レイは心を決め、目を閉じて深呼吸をした。

集中を高め、手のひらを差し出して魔力を送り込み始める。青白い光となった魔力が空間を漂い、エネルギーコアに向かって伸びていく。


ナノボットが微弱な光を放ちながらコアを覆い隠す目印となり、その光の指示に従って、レイの魔力も確かにコアへと届いていった。


魔力がコアに触れた瞬間、コアは輝きを増し、淡い青白い光に包まれる。

周囲に漂っていたエネルギーが整い始め、静かに脈動する光が徐々に強まり、魔力が均等に広がっていく。


レイの集中した魔力制御がそのまま輝きとなって、コア全体を包み込んでいく様子は、神殿の中に幻想的な光景を生み出していた。
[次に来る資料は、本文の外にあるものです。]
lemma parking_phi: "parking (phi T)"
  and phi_BNode: "phi (BNode l r) = graft (phi r) (phi l)"
proof -
  have graft_eq: "phi (BNode l r) = graft (phi r) (phi l)" if "parking (phi r)" for l r
  proof -
    have "(if r = BLeaf then 1 else Max (set (phi r))) = top_letter (phi r)"
      using that sorted_Max_eq_last[of "phi r"]
      by (cases r) (auto simp: top_letter_def parking_def Let_def)
    then show ?thesis by (simp add: graft_def Let_def)
  qed
  show parking: "parking (phi T)" for T
    by (induction T) (simp add: parking_def, metis graft_eq parking_graft)
  show "phi (BNode l r) = graft (phi r) (phi l)"
    by (rule graft_eq[OF parking])
qed

declare phi.simps(2) [simp del]

definition excess :: "nat list \<Rightarrow> nat \<Rightarrow> int" where
  "excess w p = (if p = 0 then -1 else int p - int (w ! (p - 1)))"

text \<open>In \<open>graft A L\<close> the excess \<open>p - w\<^sub>p\<close> at the end is one more than at \<open>|A|\<close> and is
  not exceeded at any later position, so \<open>|A|\<close> is the last position before the end whose
  excess lies below the final one. This recovers \<open>A\<close> and \<open>L\<close> from the word. Letters are
  counted from 1 here, and the excess at 0 is \<open>-1\<close>, its value in the case \<open>A = []\<close>.\<close>
definition split_point :: "nat list \<Rightarrow> nat" where
  "split_point w = Max {p. p < length w \<and> excess w p < excess w (length w)}"

lemma excess_eq_top_letter: "k \<le> length w \<Longrightarrow> excess w k = int k - int (top_letter (take k w))"
  by (cases k) (auto simp: excess_def top_letter_def last_conv_nth)

lemma excess_graft:
  assumes A: "parking A" and L: "parking L"
  shows "excess (graft A L) (length A) + 1 = excess (graft A L) (length (graft A L))"
    and "length A < p \<Longrightarrow> p \<le> length (graft A L)
           \<Longrightarrow> excess (graft A L) (length (graft A L)) \<le> excess (graft A L) p"
proof -
  let ?w = "graft A L" and ?M = "top_letter A"
  have "take (length A) ?w = A" by (simp add: graft_def)
  then have eA: "excess ?w (length A) = int (length A) - int ?M"
    using excess_eq_top_letter[of "length A" ?w] by simp
  have M: "1 \<le> ?M" using parking_top_letter(1)[OF A] .
  have en: "excess ?w (length ?w) = int (length A) + 1 - int ?M"
    using nth_graft(3)[of A L] by (simp add: excess_def)
  show "excess ?w (length A) + 1 = excess ?w (length ?w)" using eA en by simp
  assume p: "length A < p" "p \<le> length ?w"
  show "excess ?w (length ?w) \<le> excess ?w p"
  proof (cases "p = length ?w")
    case False
    then obtain j where j: "j < length L" "p - 1 = length A + j" using p by (intro that[of "p - length A - 1"]) auto
    then have "?w ! (p - 1) = L ! j + (?M - 1)" by (simp add: nth_graft)
    moreover have "L ! j \<le> j + 1" using L j by (simp add: parking_def)
    ultimately show ?thesis using p j M en by (simp add: excess_def)
  qed simp
qed

lemma split_point_eqI:
  assumes "k < length w" "excess w k < excess w (length w)"
    and "\<And>p. k < p \<Longrightarrow> p < length w \<Longrightarrow> excess w (length w) \<le> excess w p"
  shows "split_point w = k"
  unfolding split_point_def
proof (rule Max_eqI)
  show "p \<le> k" if "p \<in> {p. p < length w \<and> excess w p < excess w (length w)}" for p
    using that assms(3)[of p] by (cases "k < p") auto
qed (use assms in auto)

lemma split_point_graft: "parking A \<Longrightarrow> parking L \<Longrightarrow> split_point (graft A L) = length A"
  by (rule split_point_eqI) (use excess_graft in \<open>fastforce+\<close>)

lemma graft_inj:
  assumes "parking A" "parking L" "parking A'" "parking L'" and eq: "graft A L = graft A' L'"
  shows "A = A' \<and> L = L'"
proof -
  have "length A = length A'"
    using split_point_graft[of A L] split_point_graft[of A' L'] assms by simp
  then have A: "A = A'"
    using eq unfolding graft_def by (metis append_eq_append_conv)
  then have "map (\<lambda>x. x + (top_letter A - 1)) L = map (\<lambda>x. x + (top_letter A - 1)) L'"
    using eq length_graft[of A L] length_graft[of A' L'] unfolding graft_def by simp
  then show ?thesis using A by simp
qed

lemma excess_Suc_le: "parking w \<Longrightarrow> p < length w \<Longrightarrow> excess w (Suc p) \<le> excess w p + 1"
  by (cases p) (auto simp: excess_def parking_def sorted_nth_mono)

lemma split_point_excess:
  assumes w: "parking w" "w \<noteq> []"
  defines "k \<equiv> split_point w"
  shows "k < length w" "excess w k + 1 = excess w (length w)"
    and "k < p \<Longrightarrow> p \<le> length w \<Longrightarrow> excess w (length w) \<le> excess w p"
proof -
  let ?n = "length w"
  define S where "S = {p. p < ?n \<and> excess w p < excess w ?n}"
  have "w ! (?n - 1) \<le> ?n" using parking_letter_bounds[OF w(1), of "w ! (?n - 1)"] w by simp
  then have "0 \<in> S" using w by (simp add: S_def excess_def)
  moreover have "finite S" by (simp add: S_def)
  ultimately have "k \<in> S" and k_max: "\<And>p. p \<in> S \<Longrightarrow> p \<le> k"
    unfolding k_def split_point_def S_def[symmetric] using Max_in by auto
  then have k: "k < ?n" and less: "excess w k < excess w ?n" by (simp_all add: S_def)
  then show "k < ?n" by simp
  show above: "excess w ?n \<le> excess w p" if "k < p" "p \<le> ?n" for p
    using that k_max[of p] by (cases "p = ?n") (auto simp: S_def not_less[symmetric])
  have "excess w ?n \<le> excess w (Suc k)" using above[of "Suc k"] k by simp
  then show "excess w k + 1 = excess w ?n" using excess_Suc_le[OF w(1) k] less by simp
qed

lemma parking_shift_down:
  assumes "sorted B" "1 \<le> M" and bounds: "\<forall>j<length B. M \<le> B ! j \<and> B ! j \<le> j + M"
  shows "parking (map (\<lambda>x. x - (M - 1)) B)"
    and "map (\<lambda>x. x + (M - 1)) (map (\<lambda>x. x - (M - 1)) B) = B"
proof -
  show "parking (map (\<lambda>x. x - (M - 1)) B)"
    using assms by (auto simp: parking_def sorted_iff_nth_mono diff_le_mono)
  show "map (\<lambda>x. x + (M - 1)) (map (\<lambda>x. x - (M - 1)) B) = B"
    using assms by (auto simp: list_eq_iff_nth_eq)
qed

lemma top_letter_take_le:
  assumes "parking w" "k \<le> i" "i < length w"
  shows "top_letter (take k w) \<le> w ! i"
proof (cases k)
  case 0 then show ?thesis using assms by (simp add: top_letter_def parking_def)
next
  case (Suc k')
  moreover have "w \<noteq> []" using assms by auto
  ultimately have "top_letter (take k w) = w ! k'" using assms by (simp add: top_letter_def last_conv_nth)
  then show ?thesis using assms Suc by (simp add: parking_def sorted_nth_mono)
qed

lemma split_point_letters:
  assumes w: "parking w" "w \<noteq> []"
  defines "k \<equiv> split_point w" and "M \<equiv> top_letter (take (split_point w) w)"
  shows "w ! (length w - 1) = length w - 1 - k + M"
    and "k \<le> i \<Longrightarrow> i < length w - 1 \<Longrightarrow> M \<le> w ! i \<and> w ! i \<le> i - k + M"
proof -
  note k = split_point_excess[OF w, folded k_def]
  have eM: "excess w k = int k - int M"
    using excess_eq_top_letter[of k w] k(1) by (simp add: M_def k_def)
  then show "w ! (length w - 1) = length w - 1 - k + M"
    using k(1,2) w(2) by (simp add: excess_def)
  assume i: "k \<le> i" "i < length w - 1"
  have "M \<le> w ! i" using top_letter_take_le[OF w(1) i(1)] i(2) by (simp add: M_def k_def)
  moreover have "excess w (length w) \<le> excess w (Suc i)" using k(3)[of "Suc i"] i by simp
  ultimately show "M \<le> w ! i \<and> w ! i \<le> i - k + M" using k(2) eM i by (simp add: excess_def)
qed

lemma graft_surj:
  assumes w: "parking w" "w \<noteq> []"
  obtains A L where "parking A" "parking L" "w = graft A L"
proof -
  define k where "k = split_point w"
  define m where "m = length w - 1 - k"
  define A where "A = take k w"
  define B where "B = take m (drop k w)"
  define M where "M = top_letter A"
  have M_eq: "top_letter (take (split_point w) w) = M" by (simp add: M_def A_def k_def)
  note letters = split_point_letters[OF w, unfolded M_eq, folded k_def]
  have n: "length w = k + m + 1" using split_point_excess(1)[OF w] by (simp add: m_def k_def)
  have A: "parking A" using w(1) by (simp add: A_def parking_take)
  have M: "1 \<le> M" using parking_top_letter(1)[OF A] by (simp add: M_def)
  have "w = A @ B @ [w ! (k + m)]"
    using n id_take_nth_drop[of "k + m" w] by (simp add: A_def B_def take_add)
  then have w_eq: "w = A @ B @ [m + M]" using letters(1) n by simp
  have "M \<le> B ! j \<and> B ! j \<le> j + M" if "j < length B" for j
    using that letters(2)[of "k + j"] n by (simp add: B_def)
  then have bounds: "\<forall>j<length B. M \<le> B ! j \<and> B ! j \<le> j + M" by blast
  have B: "sorted B" using w(1) by (simp add: B_def parking_def)
  define L where "L = map (\<lambda>x. x - (M - 1)) B"
  have "parking L" using parking_shift_down(1)[OF B M bounds] by (simp add: L_def)
  moreover have "w = graft A L"
    using w_eq parking_shift_down(2)[OF B M bounds] n by (simp add: graft_def L_def M_def B_def)
  ultimately show ?thesis using A that by blast
qed

lemma inj_phi: "inj phi"
proof (rule injI)
  show "phi T = phi T' \<Longrightarrow> T = T'" for T T'
  proof (induction T arbitrary: T')
    case BLeaf then show ?case by (cases T') (simp_all add: phi_BNode)
  next
    case (BNode l r)
    then obtain l' r' where T': "T' = BNode l' r'" by (cases T') (simp_all add: phi_BNode)
    then have "graft (phi r) (phi l) = graft (phi r') (phi l')"
      using BNode.prems by (simp add: phi_BNode)
    then have "phi r = phi r' \<and> phi l = phi l'"
      using graft_inj parking_phi by blast
    then show ?case using BNode.IH T' by simp
  qed
qed

lemma phi_surj: "parking w \<Longrightarrow> \<exists>T. phi T = w"
proof (induction "length w" arbitrary: w rule: less_induct)
  case less
  show ?case
  proof (cases "w = []")
    case False
    then obtain A L where AL: "parking A" "parking L" "w = graft A L"
      using graft_surj less.prems by blast
    then have "length A < length w" "length L < length w" by simp_all
    then obtain r l where "phi r = A" "phi l = L" using less.hyps AL by metis
    then show ?thesis using AL(3) phi_BNode by metis
  qed (metis phi.simps(1))
qed

section \<open>Ascents and left children\<close>

definition ascent :: "nat list \<Rightarrow> nat \<Rightarrow> bool" where
  "ascent w i \<longleftrightarrow> 0 < i \<and> i < length w \<and> w ! (i - 1) < w ! i"
(* Let $X$ be a space and $Y$ a preopen (e.g., dense) subspace of $X$ which is an E-space. Then $Y$ is $F_{\aleph_0}$-embedded in $X$. In particular, every metrizable dense subspace of $X$ is $F_{\aleph_0}$-embedded in $X$.
   Context: "Space" means topological $T_0$-space. $Y$ is preopen in $X$ if $Y\subseteq\mathrm{int}_X(\mathrm{cl}_X(Y))$. A zero-set (cozero-set) of $X$ is $f^{-1}(0)$ (resp. its complement) for a continuous $f:X\to[0,1]$. A U-representation of $V\subseteq X$ is a sequence $(U_n(V))_{n\in\mathbb{N}}$ with $V=\bigcup_n U_n(V)$, $U_n(V)\subseteq U_{n+1}(V)$, $U_{2n-1}(V)$ a zero-set, $U_{2n}(V)$ a cozero-set. A family $\alpha$ is an almost subbase of $X$ if U-representations of its members can be chosen so that $\alpha\cup\{X\setminus U_{2n-1}(V):V\in\alpha,n\in\mathbb{N}\}$ is a subbase of $X$. A family is strongly point-finite if every countably infinite subfamily contains a finite subfamily with empty intersection; $\sigma$-strongly point-finite means a countable union of such families. An E-space is a space with a $\sigma$-strongly point-finite almost subbase. A family $\mathcal{U}$ F-separates $S\subseteq X$ if for distinct $x,y\in S$ some $U\in\mathcal{U}$ satisfies $x\in U$, $y\notin\mathrm{cl}_X(U)$, or vice versa. $Y$ is $F_{\aleph_0}$-embedded in $X$ if some family of open subsets of $X$ that is a countable union of point-finite families F-separates $Y$. *)

theory Defs
  imports "HOL-Analysis.Analysis"
begin

definition zero_set_in :: "'a topology \<Rightarrow> 'a set \<Rightarrow> bool" where
  "zero_set_in X Z \<longleftrightarrow> (\<exists>f. continuous_map X euclideanreal f \<and> f ` topspace X \<subseteq> {0..1}
      \<and> Z = {x \<in> topspace X. f x = 0})"

definition cozero_set_in :: "'a topology \<Rightarrow> 'a set \<Rightarrow> bool" where
  "cozero_set_in X C \<longleftrightarrow> (\<exists>Z. zero_set_in X Z \<and> C = topspace X - Z)"

text \<open>U-representation (U_n)_{n \<ge> 1} of V; index 0 of the function is unused.\<close>
definition U_representation :: "'a topology \<Rightarrow> 'a set \<Rightarrow> (nat \<Rightarrow> 'a set) \<Rightarrow> bool" where
  "U_representation X V U \<longleftrightarrow>
     V = (\<Union>n\<in>{1..}. U n) \<and>
     (\<forall>n\<ge>1. U n \<subseteq> U (Suc n)) \<and>
     (\<forall>n\<ge>1. zero_set_in X (U (2*n - 1))) \<and>
     (\<forall>n\<ge>1. cozero_set_in X (U (2*n)))"

text \<open>Subbase: the topology of X is generated by S together with the empty intersection X.\<close>
definition subbase_of :: "'a topology \<Rightarrow> 'a set set \<Rightarrow> bool" where
  "subbase_of X S \<longleftrightarrow> S \<subseteq> Pow (topspace X) \<and> X = topology_generated_by (insert (topspace X) S)"

definition almost_subbase :: "'a topology \<Rightarrow> 'a set set \<Rightarrow> bool" where
  "almost_subbase X \<alpha> \<longleftrightarrow>
     (\<exists>R :: 'a set \<Rightarrow> nat \<Rightarrow> 'a set.
        (\<forall>V\<in>\<alpha>. U_representation X V (R V)) \<and>
        subbase_of X (\<alpha> \<union> {topspace X - R V (2*n - 1) | V n. V \<in> \<alpha> \<and> n \<ge> 1}))"

definition strongly_point_finite :: "'a set set \<Rightarrow> bool" where
  "strongly_point_finite \<F> \<longleftrightarrow>
     (\<forall>\<C>\<subseteq>\<F>. countable \<C> \<and> infinite \<C> \<longrightarrow> (\<exists>\<D>\<subseteq>\<C>. finite \<D> \<and> \<Inter>\<D> = {}))"

definition sigma_strongly_point_finite :: "'a set set \<Rightarrow> bool" where
  "sigma_strongly_point_finite \<F> \<longleftrightarrow>
     (\<exists>G :: nat \<Rightarrow> 'a set set. \<F> = (\<Union>n. G n) \<and> (\<forall>n. strongly_point_finite (G n)))"

definition E_space :: "'a topology \<Rightarrow> bool" where
  "E_space X \<longleftrightarrow> t0_space X \<and> (\<exists>\<alpha>. almost_subbase X \<alpha> \<and> sigma_strongly_point_finite \<alpha>)"

definition preopen_in :: "'a topology \<Rightarrow> 'a set \<Rightarrow> bool" where
  "preopen_in X Y \<longleftrightarrow> Y \<subseteq> topspace X \<and> Y \<subseteq> X interior_of (X closure_of Y)"

definition F_separates :: "'a topology \<Rightarrow> 'a set set \<Rightarrow> 'a set \<Rightarrow> bool" where
  "F_separates X \<U> S \<longleftrightarrow>
     (\<forall>x\<in>S. \<forall>y\<in>S. x \<noteq> y \<longrightarrow>
        (\<exists>U\<in>\<U>. (x \<in> U \<and> y \<notin> X closure_of U) \<or> (y \<in> U \<and> x \<notin> X closure_of U)))"

definition point_finite_in :: "'a topology \<Rightarrow> 'a set set \<Rightarrow> bool" where
  "point_finite_in X \<F> \<longleftrightarrow> (\<forall>x\<in>topspace X. finite {U\<in>\<F>. x \<in> U})"

definition F_aleph0_embedded :: "'a topology \<Rightarrow> 'a set \<Rightarrow> bool" where
  "F_aleph0_embedded X Y \<longleftrightarrow>
     (\<exists>\<U>. (\<forall>U\<in>\<U>. openin X U) \<and>
          (\<exists>G :: nat \<Rightarrow> 'a set set. \<U> = (\<Union>n. G n) \<and> (\<forall>n. point_finite_in X (G n))) \<and>
          F_separates X \<U> Y)"

end

theory Submission
  imports Defs
begin

text \<open>If \<open>Y\<close> is preopen in \<open>X\<close>, an open set \<open>W\<close> of \<open>Y\<close> extends to the open set
  \<open>int (cl Y) - cl (Y - W)\<close> of \<open>X\<close>, which meets \<open>Y\<close> exactly in \<open>W\<close> and whose closure lies in
  \<open>cl W\<close>. As \<open>Y\<close> is dense in \<open>int (cl Y)\<close>, finitely many extensions have empty intersection
  as soon as the original sets do, so a \<open>\<sigma>\<close>-strongly point-finite open family of \<open>Y\<close> that
  F-separates \<open>Y\<close> extends to a \<open>\<sigma>\<close>-point-finite open family of \<open>X\<close> that still F-separates
  \<open>Y\<close>. Such families exist in E-spaces: for \<open>V\<close> in the almost subbase and \<open>f\<close> vanishing exactly
  on \<open>U_{2n-1}(V)\<close>, the sets \<open>{x \<in> U_{2n}(V). |f x| < 1/j}\<close> shrink \<open>V\<close>, and two points are
  separated by a single subbase element. In metric spaces, Stone's pairwise disjoint cells
  of rational radius do the job.\<close>

definition sigma_spf_F_separated :: "'a topology \<Rightarrow> bool" where
  "sigma_spf_F_separated X \<longleftrightarrow>
     (\<exists>\<U>. (\<forall>U\<in>\<U>. openin X U) \<and> sigma_strongly_point_finite \<U> \<and> F_separates X \<U> (topspace X))"

subsection \<open>Strongly point-finite families\<close>

lemma strongly_point_finite_image:
  assumes spf: "strongly_point_finite \<G>"
    and empty: "\<And>\<D>. \<D> \<subseteq> \<G> \<Longrightarrow> finite \<D> \<Longrightarrow> \<Inter>\<D> = {} \<Longrightarrow> \<Inter>(\<phi> ` \<D>) = {}"
  shows "strongly_point_finite (\<phi> ` \<G>)"
  unfolding strongly_point_finite_def
proof (intro allI impI)
  fix \<C> assume \<C>: "\<C> \<subseteq> \<phi> ` \<G>" "countable \<C> \<and> infinite \<C>"
  define \<psi> where "\<psi> = inv_into \<G> \<phi>"
  have \<psi>: "\<psi> C \<in> \<G>" "\<phi> (\<psi> C) = C" if "C \<in> \<C>" for C
    using \<C>(1) that unfolding \<psi>_def by (auto intro: inv_into_into simp: f_inv_into_f)
  then have "inj_on \<psi> \<C>"
    by (metis inj_onI)
  then have "countable (\<psi> ` \<C>) \<and> infinite (\<psi> ` \<C>)"
    using \<C>(2) finite_imageD by blast
  moreover have "\<psi> ` \<C> \<subseteq> \<G>"
    using \<psi> by blast
  ultimately obtain \<D> where \<D>: "\<D> \<subseteq> \<psi> ` \<C>" "finite \<D>" "\<Inter>\<D> = {}"
    using spf unfolding strongly_point_finite_def by meson
  show "\<exists>\<D>\<subseteq>\<C>. finite \<D> \<and> \<Inter>\<D> = {}"
  proof (intro exI conjI)
    show "\<phi> ` \<D> \<subseteq> \<C>" "finite (\<phi> ` \<D>)"
      using \<D>(1,2) \<psi> by auto
    have "\<D> \<subseteq> \<G>"
      using \<D>(1) \<open>\<psi> ` \<C> \<subseteq> \<G>\<close> by blast
    then show "\<Inter>(\<phi> ` \<D>) = {}"
      using \<D>(2,3) by (rule empty)
  qed
qed

lemma strongly_point_finite_shrink:
  assumes "strongly_point_finite \<G>" "\<And>G. G \<in> \<G> \<Longrightarrow> \<phi> G \<subseteq> G"
  shows "strongly_point_finite (\<phi> ` \<G>)"
proof (rule strongly_point_finite_image[OF assms(1)])
  fix \<D> assume "\<D> \<subseteq> \<G>" "\<Inter>\<D> = {}"
  have "\<Inter>(\<phi> ` \<D>) \<subseteq> \<Inter>\<D>"
    using \<open>\<D> \<subseteq> \<G>\<close> assms(2) by (auto simp: subset_eq)
  then show "\<Inter>(\<phi> ` \<D>) = {}"
    using \<open>\<Inter>\<D> = {}\<close> by blast
qed

lemma strongly_point_finite_disjoint:
  assumes "pairwise disjnt \<F>"
  shows "strongly_point_finite \<F>"
  unfolding strongly_point_finite_def
proof (intro allI impI)
  fix \<C> assume \<C>: "\<C> \<subseteq> \<F>" "countable \<C> \<and> infinite \<C>"
  then obtain A where A: "A \<in> \<C>"
    using infinite_imp_nonempty by blast
  have "infinite (\<C> - {A})"
    using \<C>(2) by simp
  then obtain B where "B \<in> \<C> - {A}"
    using infinite_imp_nonempty by blast
  then have B: "B \<in> \<C>" "B \<noteq> A"
    by auto
  have "A \<inter> B = {}"
    using assms \<C>(1) A B unfolding pairwise_def disjnt_def by blast
  then show "\<exists>\<D>\<subseteq>\<C>. finite \<D> \<and> \<Inter>\<D> = {}"
    using A B by (intro exI[of _ "{A, B}"]) simp
qed

lemma strongly_point_finite_imp_point_finite:
  assumes "strongly_point_finite \<F>"
  shows "point_finite_in X \<F>"
  unfolding point_finite_in_def
proof (intro ballI, rule ccontr)
  fix x assume "infinite {U \<in> \<F>. x \<in> U}"
  then obtain \<C> where \<C>: "\<C> \<subseteq> {U \<in> \<F>. x \<in> U}" "countable \<C> \<and> infinite \<C>"
    by (meson infinite_countable_subset')
  then have "\<C> \<subseteq> \<F>"
    by blast
  then obtain \<D> where \<D>: "\<D> \<subseteq> \<C>" "\<Inter>\<D> = {}"
    using strongly_point_finite_def[THEN iffD1, rule_format, OF assms _ \<C>(2)] by blast
  have "x \<in> \<Inter>\<D>"
    using \<C>(1) \<D>(1) by auto
  then show False
    using \<D>(2) by simp
qed

lemma sigma_strongly_point_finite_UN:
  fixes G :: "'i::countable \<Rightarrow> 'a set set"
  assumes "\<And>i. strongly_point_finite (G i)"
  shows "sigma_strongly_point_finite (\<Union>i. G i)"
  unfolding sigma_strongly_point_finite_def
proof (intro exI conjI allI)
  show "(\<Union>i. G i) = (\<Union>n. G (from_nat n))"
  proof -
    have "range (\<lambda>n. G (from_nat n)) = range G"
      using surj_from_nat by (metis image_image)
    then show ?thesis
      by simp
  qed
  show "strongly_point_finite (G (from_nat n))" for n
    by (rule assms)
qed
definition round_honest_msgs where
  "round_honest_msgs N f B I Cor adv i =
     {(t, s, d, m). t \<in> {3 * (i - 1)..<3 * i} \<and> (s, d, m) \<in> sent N f B I Cor adv t
                    \<and> s \<in> honest N Cor}"

definition round_honest_sigs where
  "round_honest_sigs N f B I Cor adv i =
     (\<Sum>(t, s, d, m)\<in>round_honest_msgs N f B I Cor adv i. nsigs (Sig s m))"

definition setting_ok where
  "setting_ok N f K B I Cor adv \<longleftrightarrow>
     3 * f < N \<and> B \<subseteq> {1..N} \<and> card B = 3 * f + 1 \<and> (\<forall>i\<in>{1..K}. I i \<in> {1..N}) \<and>
     adv_ok N f B I Cor adv"

end

theory Submission imports Defs begin

text \<open>Any two sets of 2f+1 of the 3f+1 broadcast processes share an honest member, and an
  honest broadcast process pays at most one process per round. Hence at most one process
  collects 2f+1 payments in a round, which gives consistency. Signatures of honest processes
  cannot be forged, so among the 2f+1 signatures of any valid proof offered in round i some
  honest one traces back to a payment of round i-1; therefore only the marked process can
  present a valid proof. If it is honest, every honest broadcast process sees its request as
  the only valid one and pays its target, giving liveness; and an honest process that makes
  a request at all is the marked one, giving non-impersonation. In each round there is only
  one request maker, so honest processes send at most 3f+1 requests, each carrying at most
  3f+2 signatures, and 3f+1 single-signature payments.\<close>

lemma quorum_intersection:
  assumes "finite B" "A1 \<subseteq> B" "A2 \<subseteq> B" "card B + card (B \<inter> C) < card A1 + card A2"
  obtains b where "b \<in> A1" "b \<in> A2" "b \<notin> C"
proof -
  have fin: "finite A1" "finite A2" using assms finite_subset by auto
  have "card (A1 \<union> A2) \<le> card B" using assms by (intro card_mono) auto
  moreover have "card (A1 \<union> A2) + card (A1 \<inter> A2) = card A1 + card A2"
    using card_Un_Int[OF fin] by simp
  ultimately have "\<not> card (A1 \<inter> A2) \<le> card (B \<inter> C)" using assms by linarith
  then have "\<not> A1 \<inter> A2 \<subseteq> B \<inter> C" using assms by (meson card_mono finite_Int)
  then show ?thesis using that assms by blast
qed

lemma subterms_self: "x \<in> subterms x"
  by (cases x) auto

definition candidates :: "nat \<Rightarrow> nat \<Rightarrow> nat set \<Rightarrow> nat \<Rightarrow> msgs \<Rightarrow> nat \<Rightarrow> (nat \<times> nat) set" where
  "candidates N f B i S1 b = {(s, n). \<exists>prf. (s, b, Tup (WantPay n i # prf)) \<in> S1 \<and> n \<in> {1..N}
                                  \<and> valid_proof f B s i prf}"

lemma step2_msgs_iff:
  "(b, d, m) \<in> step2_msgs N f B H i S1 \<longleftrightarrow>
    b \<in> B \<and> b \<in> H \<and> candidates N f B i S1 b \<noteq> {} \<and>
    (m, d) = (case SOME x. x \<in> candidates N f B i S1 b of (s, n) \<Rightarrow> (PaysM s n i, n))"
  unfolding step2_msgs_def candidates_def[symmetric] Let_def
  by (auto simp: prod.case_eq_if split: if_splits)

lemma step1_msgs_iff:
  "(h, b, m) \<in> step1_msgs f B H I i S2 \<longleftrightarrow>
    (\<exists>prf. (h, prf) \<in> holders f B H i S2 \<and> b \<in> B \<and> m = Tup (WantPay (I i) i # prf))"
  unfolding step1_msgs_def by blast

lemma decide_MarkedE:
  assumes "decide f B S p i = Marked d"
  obtains X where "d = Some X" "card (pays_signers B S p X i) \<ge> 2 * f + 1"
    "kept_proof f B S p i =
       map (\<lambda>b. Sig b (PaysM X p i)) (sorted_list_of_set (pays_signers B S p X i))"
proof -
  have ex: "\<exists>X. card (pays_signers B S p X i) \<ge> 2 * f + 1"
    using assms unfolding decide_def by (auto split: if_splits)
  then show ?thesis using that someI_ex[OF ex] assms unfolding decide_def kept_proof_def Let_def
    by auto
qed

lemma set_kept_proof:
  assumes "x \<in> set (kept_proof f B S p i)"
  obtains b X where "x = Sig b (PaysM X p i)" "(b, p, PaysM X p i) \<in> S"
  using assms that unfolding kept_proof_def Let_def pays_signers_def
  by (cases "finite (pays_signers B S p (SOME X. card (pays_signers B S p X i) \<ge> 2 * f + 1) i)")
    (auto simp: pays_signers_def)

lemma holders_iff:
  "(h, prf) \<in> holders f B H i S2 \<longleftrightarrow> h \<in> H \<and>
     (if i = 1 then h = 1 \<and> prf = []
      else prf = kept_proof f B S2 h (i - 1) \<and> decide f B S2 h (i - 1) \<noteq> Unmarked)"
  unfolding holders_def by auto

lemma decide_eq_Marked:
  assumes "card (pays_signers B S p X i) \<ge> 2 * f + 1"
    and "\<And>Y. card (pays_signers B S p Y i) \<ge> 2 * f + 1 \<Longrightarrow> Y = X"
  shows "decide f B S p i = Marked (Some X)"
  using assms someI[of "\<lambda>Y. card (pays_signers B S p Y i) \<ge> 2 * f + 1", OF assms(1)]
  unfolding decide_def by auto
アルはナノボットをエネルギーコアの内部へと送り込み、慎重に調査を開始する。


ナノボットの半分以上は、コア内部を内視鏡のように観察し、微細な亀裂や異物の検出に取りかかっていた。

この工程こそ、最も警告メッセージが多くなる要所でもある。


また別のナノボットは、コアの各部位に対して構造解析を行い、詳細なデータを収集する。

エネルギーの分布や圧力の変化も、リアルタイムで記録を開始した。


さらに他のナノボットは、コア内部のエネルギーの流れや異常なパターンをスキャンし、それを視覚化する。

収集されたデータは即座にアルの仮想モニターに表示され、分析が進められていく。


その間、アルはチェックリストを一つひとつ確認し、冷静に項目を埋めていった。

異常が検出されれば、即座に警告が表示され、必要に応じて修復手順の指示を出していく。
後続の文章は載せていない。